lemma prob_space_exp_law: "m > 0 \<Longrightarrow> prob_space (exp_law m)"
  unfolding exp_law_def
  by (rule prob_space.prob_space_distr[OF prob_space_exponential_density]) auto

lemma emeasure_exp_law_greaterThan:
  fixes m c :: real assumes m: "m > 0" and c: "c \<ge> 0"
  shows "emeasure (exp_law m) {ennreal c<..} = ennreal (exp (- c * m))"
proof -
  let ?F = "\<lambda>x::real. - exp (- x * m)"
  have "emeasure (density lborel (\<lambda>x. ennreal (exponential_density m x))) {c<..} = ennreal (- ?F c)"
  proof (rule emeasure_density_greaterThan_antiderivative)
    fix x :: real assume "c < x"
    then have x: "x > 0" using c by simp
    have "DERIV ?F x :> exp (- x * m) * m"
      by (auto intro!: derivative_eq_intros)
    then show "DERIV ?F x :> exponential_density m x" using x by (simp add: exponential_density_def mult.commute)
    have "eventually (\<lambda>y. y \<in> {0<..}) (nhds x)"
      using eventually_nhds_in_open[of "{0<..}" x] x by auto
    then have "eventually (\<lambda>y. exponential_density m y = m * exp (- y * m)) (nhds x)"
      by eventually_elim (simp add: exponential_density_def)
    then show "isCont (exponential_density m) x"
      by (subst isCont_cong) (auto intro!: continuous_intros)
    show "0 \<le> exponential_density m x" using m by (simp add: exponential_density_nonneg)
  next
    show "(?F \<longlongrightarrow> ?F c) (at_right c)" by (auto intro!: tendsto_intros)
    show "(?F \<longlongrightarrow> 0) at_top" using m by real_asymp
  qed measurable
  then show ?thesis
    unfolding exp_law_def by (subst emeasure_distr) (auto simp: vimage_ennreal_greaterThan[OF c])
qed

lemma emeasure_exp_law_greaterThanAtMost:
  fixes m a b :: real assumes m: "m > 0" and a: "0 \<le> a" and ab: "a \<le> b"
  shows "emeasure (exp_law m) {ennreal a<..ennreal b} = ennreal (exp (- a * m) - exp (- b * m))"
proof -
  interpret prob_space "exp_law m" using prob_space_exp_law[OF m] .
  have "{ennreal a<..ennreal b} = {ennreal a<..} - {ennreal b<..}" by auto
  then have "emeasure (exp_law m) {ennreal a<..ennreal b} = emeasure (exp_law m) {ennreal a<..} - emeasure (exp_law m) {ennreal b<..}"
    using ab by (simp add: emeasure_Diff ennreal_leI)
  also have "\<dots> = ennreal (exp (- a * m) - exp (- b * m))"
    using a ab by (simp add: emeasure_exp_law_greaterThan[OF m] ennreal_minus)
  finally show ?thesis .
qed

lemma reset_law_cond_exp_law: assumes m: "m > 0" shows "reset_law_cond (exp_law m)"
proof -
  interpret prob_space "exp_law m" using prob_space_exp_law[OF m] .
  have "emeasure (exp_law m) {ennreal 0<..ennreal 1} > 0"
    using emeasure_exp_law_greaterThanAtMost[OF m, of 0 1] m by simp
  also have "emeasure (exp_law m) {ennreal 0<..ennreal 1} \<le> emeasure (exp_law m) {..<top}"
    by (intro emeasure_mono) (auto intro: order.strict_trans1[OF _ ennreal_one_less_top])
  finally show ?thesis
    using emeasure_exp_law_greaterThan[OF m, of 0] prob_space_exp_law[OF m]
    by (simp add: reset_law_cond_def)
qed

lemma sets_dirac_law [simp]: "sets (dirac_law r) = sets borel"
  by (simp add: dirac_law_def)

lemma prob_space_dirac_law: "prob_space (dirac_law r)"
  by (simp add: dirac_law_def prob_space_return)

lemma reset_law_cond_dirac_law: "r > 0 \<Longrightarrow> reset_law_cond (dirac_law r)"
  by (simp add: reset_law_cond_def dirac_law_def prob_space_return)

section \<open>The reset time\<close>

lemma reset_min_0 [simp]: "reset_min l Tv 0 = Tv (0, 0)"
  by (simp add: reset_min_def lessThan_Suc)

lemma less_reset_min_iff: "l \<ge> 1 \<Longrightarrow> c < reset_min l Tv j \<longleftrightarrow> (\<forall>i<l ^ j. c < Tv (j, i))"
  unfolding reset_min_def by (subst Min_gr_iff) (auto simp: lessThan_empty_iff)

lemma reset_time_stopping_stage:
  assumes "\<exists>j. reset_min l (fst \<omega>) j \<le> snd \<omega> j"
  obtains J where "reset_time l \<omega> = (\<Sum>m<J. snd \<omega> m) + reset_min l (fst \<omega>) J"
    and "reset_min l (fst \<omega>) J \<le> snd \<omega> J" and "\<And>m. m < J \<Longrightarrow> snd \<omega> m < reset_min l (fst \<omega>) m"
proof -
  define J where "J = (LEAST j. reset_min l (fst \<omega>) j \<le> snd \<omega> j)"
  have stop: "reset_min l (fst \<omega>) J \<le> snd \<omega> J" unfolding J_def using assms by (metis LeastI)
  have before: "m < J \<Longrightarrow> snd \<omega> m < reset_min l (fst \<omega>) m" for m
    unfolding J_def using not_less_Least not_le by blast
  show ?thesis using that[OF _ stop before] assms by (simp add: reset_time_def J_def Let_def)
qed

┄┄┄┄┄┄┄┄┄┄

### [TASK DESCRIPTION]
Each line of the listing should be reproduced without any alteration.

### [EXERCISE OUTPUT]
lemma prob_space_exp_law: "m > 0 \<Longrightarrow> prob_space (exp_law m)"
  unfolding exp_law_def
  by (rule prob_space.prob_space_distr[OF prob_space_exponential_density]) auto

lemma emeasure_exp_law_greaterThan:
  fixes m c :: real assumes m: "m > 0" and c: "c \<ge> 0"
  shows "emeasure (exp_law m) {ennreal c<..} = ennreal (exp (- c * m))"
proof -
  let ?F = "\<lambda>x::real. - exp (- x * m)"
  have "emeasure (density lborel (\<lambda>x. ennreal (exponential_density m x))) {c<..} = ennreal (- ?F c)"
  proof (rule emeasure_density_greaterThan_antiderivative)
    fix x :: real assume "c < x"
    then have x: "x > 0" using c by simp
    have "DERIV ?F x :> exp (- x * m) * m"
      by (auto intro!: derivative_eq_intros)
    then show "DERIV ?F x :> exponential_density m x" using x by (simp add: exponential_density_def mult.commute)
    have "eventually (\<lambda>y. y \<in> {0<..}) (nhds x)"
      using eventually_nhds_in_open[of "{0<..}" x] x by auto
    then have "eventually (\<lambda>y. exponential_density m y = m * exp (- y * m)) (nhds x)"
      by eventually_elim (simp add: exponential_density_def)
    then show "isCont (exponential_density m) x"
      by (subst isCont_cong) (auto intro!: continuous_intros)
    show "0 \<le> exponential_density m x" using m by (simp add: exponential_density_nonneg)
  next
    show "(?F \<longlongrightarrow> ?F c) (at_right c)" by (auto intro!: tendsto_intros)
    show "(?F \<longlongrightarrow> 0) at_top" using m by real_asymp
  qed measurable
  then show ?thesis
    unfolding exp_law_def by (subst emeasure_distr) (auto simp: vimage_ennreal_greaterThan[OF c])
qed

lemma emeasure_exp_law_greaterThanAtMost:
  fixes m a b :: real assumes m: "m > 0" and a: "0 \<le> a" and ab: "a \<le> b"
  shows "emeasure (exp_law m) {ennreal a<..ennreal b} = ennreal (exp (- a * m) - exp (- b * m))"
proof -
  interpret prob_space "exp_law m" using prob_space_exp_law[OF m] .
  have "{ennreal a<..ennreal b} = {ennreal a<..} - {ennreal b<..}" by auto
  then have "emeasure (exp_law m) {ennreal a<..ennreal b} = emeasure (exp_law m) {ennreal a<..} - emeasure (exp_law m) {ennreal b<..}"
    using ab by (simp add: emeasure_Diff ennreal_leI)
  also have "\<dots> = ennreal (exp (- a * m) - exp (- b * m))"
    using a ab by (simp add: emeasure_exp_law_greaterThan[OF m] ennreal_minus)
  finally show ?thesis .
qed

lemma reset_law_cond_exp_law: assumes m: "m > 0" shows "reset_law_cond (exp_law m)"
proof -
  interpret prob_space "exp_law m" using prob_space_exp_law[OF m] .
  have "emeasure (exp_law m) {ennreal 0<..ennreal 1} > 0"
    using emeasure_exp_law_greaterThanAtMost[OF m, of 0 1] m by simp
  also have "emeasure (exp_law m) {ennreal 0<..ennreal 1} \<le> emeasure (exp_law m) {..<top}"
    by (intro emeasure_mono) (auto intro: order.strict_trans1[OF _ ennreal_one_less_top])
  finally show ?thesis
    using emeasure_exp_law_greaterThan[OF m, of 0] prob_space_exp_law[OF m]
    by (simp add: reset_law_cond_def)
qed

lemma sets_dirac_law [simp]: "sets (dirac_law r) = sets borel"
  by (simp add: dirac_law_def)

lemma prob_space_dirac_law: "prob_space (dirac_law r)"
  by (simp add: dirac_law_def prob_space_return)

lemma reset_law_cond_dirac_law: "r > 0 \<Longrightarrow> reset_law_cond (dirac_law r)"
  by (simp add: reset_law_cond_def dirac_law_def prob_space_return)

section \<open>The reset time\<close>

lemma reset_min_0 [simp]: "reset_min l Tv 0 = Tv (0, 0)"
  by (simp add: reset_min_def lessThan_Suc)

lemma less_reset_min_iff: "l \<ge> 1 \<Longrightarrow> c < reset_min l Tv j \<longleftrightarrow> (\<forall>i<l ^ j. c < Tv (j, i))"
  unfolding reset_min_def by (subst Min_gr_iff) (auto simp: lessThan_empty_iff)

lemma reset_time_stopping_stage:
  assumes "\<exists>j. reset_min l (fst \<omega>) j \<le> snd \<omega> j"
  obtains J where "reset_time l \<omega> = (\<Sum>m<J. snd \<omega> m) + reset_min l (fst \<omega>) J"
    and "reset_min l (fst \<omega>) J \<le> snd \<omega> J" and "\<And>m. m < J \<Longrightarrow> snd \<omega> m < reset_min l (fst \<omega>) m"
proof -
  define J where "J = (LEAST j. reset_min l (fst \<omega>) j \<le> snd \<omega> j)"
  have stop: "reset_min l (fst \<omega>) J \<le> snd \<omega> J" unfolding J_def using assms by (metis LeastI)
  have before: "m < J \<Longrightarrow> snd \<omega> m < reset_min l (fst \<omega>) m" for m
    unfolding J_def using not_less_Least not_le by blast
  show ?thesis using that[OF _ stop before] assms by (simp add: reset_time_def J_def Let_def)
qed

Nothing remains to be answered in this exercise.